— TASK REQUIREMENTS —
Could you write out all of the data again, word for word?

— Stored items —
━━━

lemma kmonomial_exps:
  assumes kg: "kashaev_generic m q \<iota> g"
  shows "u < 2*m \<Longrightarrow> v < 2*m \<Longrightarrow> kmonomial m g (exps {u}) (exps {v}) = fst (g u) * snd (g v)"
    and "u < 2*m \<Longrightarrow> kmonomial m g (exps {}) (exps {u}) = snd (g u)"
    and "u < 2*m \<Longrightarrow> v < 2*m \<Longrightarrow> w < 2*m \<Longrightarrow> u \<noteq> v \<Longrightarrow>
      kmonomial m g (exps {u, v}) (exps {w}) = fst (g u) * fst (g v) * snd (g w)"
    and "u < 2*m \<Longrightarrow> v < 2*m \<Longrightarrow> u \<noteq> v \<Longrightarrow>
      kmonomial m g (exps {u, v}) (exps {}) = fst (g u) * fst (g v)"
    and "u < 2*m \<Longrightarrow> v < 2*m \<Longrightarrow> u \<noteq> v \<Longrightarrow>
      kmonomial m g (exps {}) (exps {u, v}) = snd (g u) * snd (g v)"
  using kashaev_genericD[OF kg] by (simp_all add: kmonomial_def prod_list_powi_exps)

lemma kashaev_generic_linear_independence:
  assumes "kashaev_generic m q \<iota> g" and "finite M" and "\<forall>(e, f)\<in>M. \<forall>mu\<ge>2*m. e mu = 0 \<and> f mu = 0"
    and "(\<Sum>(e, f)\<in>M. \<iota> (c (e, f)) * kmonomial m g e f) = 0"
  shows "\<forall>x\<in>M. c x = 0"
proof -
  have "\<forall>M c. finite M \<longrightarrow> (\<forall>(e, f)\<in>M. \<forall>mu\<ge>2*m. e mu = 0 \<and> f mu = 0) \<longrightarrow>
      (\<Sum>(e, f)\<in>M. \<iota> (c (e, f)) * kmonomial m g e f) = 0 \<longrightarrow> (\<forall>x\<in>M. c x = 0)"
    using assms(1) unfolding kashaev_generic_def by (elim conjE)
  then show ?thesis using assms(2-4) by blast
qed

lemma kashaev_generic_sum2_nonzero:
  assumes kg: "kashaev_generic m q \<iota> g" and "x1 \<noteq> x2"
    and "\<forall>(e, f)\<in>{x1, x2}. \<forall>mu\<ge>2*m. e mu = 0 \<and> f mu = 0" and "s1 \<noteq> 0"
  shows "\<iota> s1 * kmonomial m g (fst x1) (snd x1) + \<iota> s2 * kmonomial m g (fst x2) (snd x2) \<noteq> 0"
proof
  define c where "c x = (if x = x1 then s1 else s2)" for x
  assume "\<iota> s1 * kmonomial m g (fst x1) (snd x1) + \<iota> s2 * kmonomial m g (fst x2) (snd x2) = 0"
  then have "(\<Sum>(e, f)\<in>{x1, x2}. \<iota> (c (e, f)) * kmonomial m g e f) = 0"
    using assms(2) by (simp add: c_def case_prod_beta)
  then have "\<forall>x\<in>{x1, x2}. c x = 0"
    using kashaev_generic_linear_independence[OF kg, of "{x1, x2}" c] assms(3) by simp
  then show False using assms(4) by (simp add: c_def)
qed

━━━

— WRITTEN REPLY —
lemma kmonomial_exps:
  assumes kg: "kashaev_generic m q \<iota> g"
  shows "u < 2*m \<Longrightarrow> v < 2*m \<Longrightarrow> kmonomial m g (exps {u}) (exps {v}) = fst (g u) * snd (g v)"
    and "u < 2*m \<Longrightarrow> kmonomial m g (exps {}) (exps {u}) = snd (g u)"
    and "u < 2*m \<Longrightarrow> v < 2*m \<Longrightarrow> w < 2*m \<Longrightarrow> u \<noteq> v \<Longrightarrow>
      kmonomial m g (exps {u, v}) (exps {w}) = fst (g u) * fst (g v) * snd (g w)"
    and "u < 2*m \<Longrightarrow> v < 2*m \<Longrightarrow> u \<noteq> v \<Longrightarrow>
      kmonomial m g (exps {u, v}) (exps {}) = fst (g u) * fst (g v)"
    and "u < 2*m \<Longrightarrow> v < 2*m \<Longrightarrow> u \<noteq> v \<Longrightarrow>
      kmonomial m g (exps {}) (exps {u, v}) = snd (g u) * snd (g v)"
  using kashaev_genericD[OF kg] by (simp_all add: kmonomial_def prod_list_powi_exps)

lemma kashaev_generic_linear_independence:
  assumes "kashaev_generic m q \<iota> g" and "finite M" and "\<forall>(e, f)\<in>M. \<forall>mu\<ge>2*m. e mu = 0 \<and> f mu = 0"
    and "(\<Sum>(e, f)\<in>M. \<iota> (c (e, f)) * kmonomial m g e f) = 0"
  shows "\<forall>x\<in>M. c x = 0"
proof -
  have "\<forall>M c. finite M \<longrightarrow> (\<forall>(e, f)\<in>M. \<forall>mu\<ge>2*m. e mu = 0 \<and> f mu = 0) \<longrightarrow>
      (\<Sum>(e, f)\<in>M. \<iota> (c (e, f)) * kmonomial m g e f) = 0 \<longrightarrow> (\<forall>x\<in>M. c x = 0)"
    using assms(1) unfolding kashaev_generic_def by (elim conjE)
  then show ?thesis using assms(2-4) by blast
qed

lemma kashaev_generic_sum2_nonzero:
  assumes kg: "kashaev_generic m q \<iota> g" and "x1 \<noteq> x2"
    and "\<forall>(e, f)\<in>{x1, x2}. \<forall>mu\<ge>2*m. e mu = 0 \<and> f mu = 0" and "s1 \<noteq> 0"
  shows "\<iota> s1 * kmonomial m g (fst x1) (snd x1) + \<iota> s2 * kmonomial m g (fst x2) (snd x2) \<noteq> 0"
proof
  define c where "c x = (if x = x1 then s1 else s2)" for x
  assume "\<iota> s1 * kmonomial m g (fst x1) (snd x1) + \<iota> s2 * kmonomial m g (fst x2) (snd x2) = 0"
  then have "(\<Sum>(e, f)\<in>{x1, x2}. \<iota> (c (e, f)) * kmonomial m g e f) = 0"
    using assms(2) by (simp add: c_def case_prod_beta)
  then have "\<forall>x\<in>{x1, x2}. c x = 0"
    using kashaev_generic_linear_independence[OF kg, of "{x1, x2}" c] assms(3) by simp
  then show False using assms(4) by (simp add: c_def)
qed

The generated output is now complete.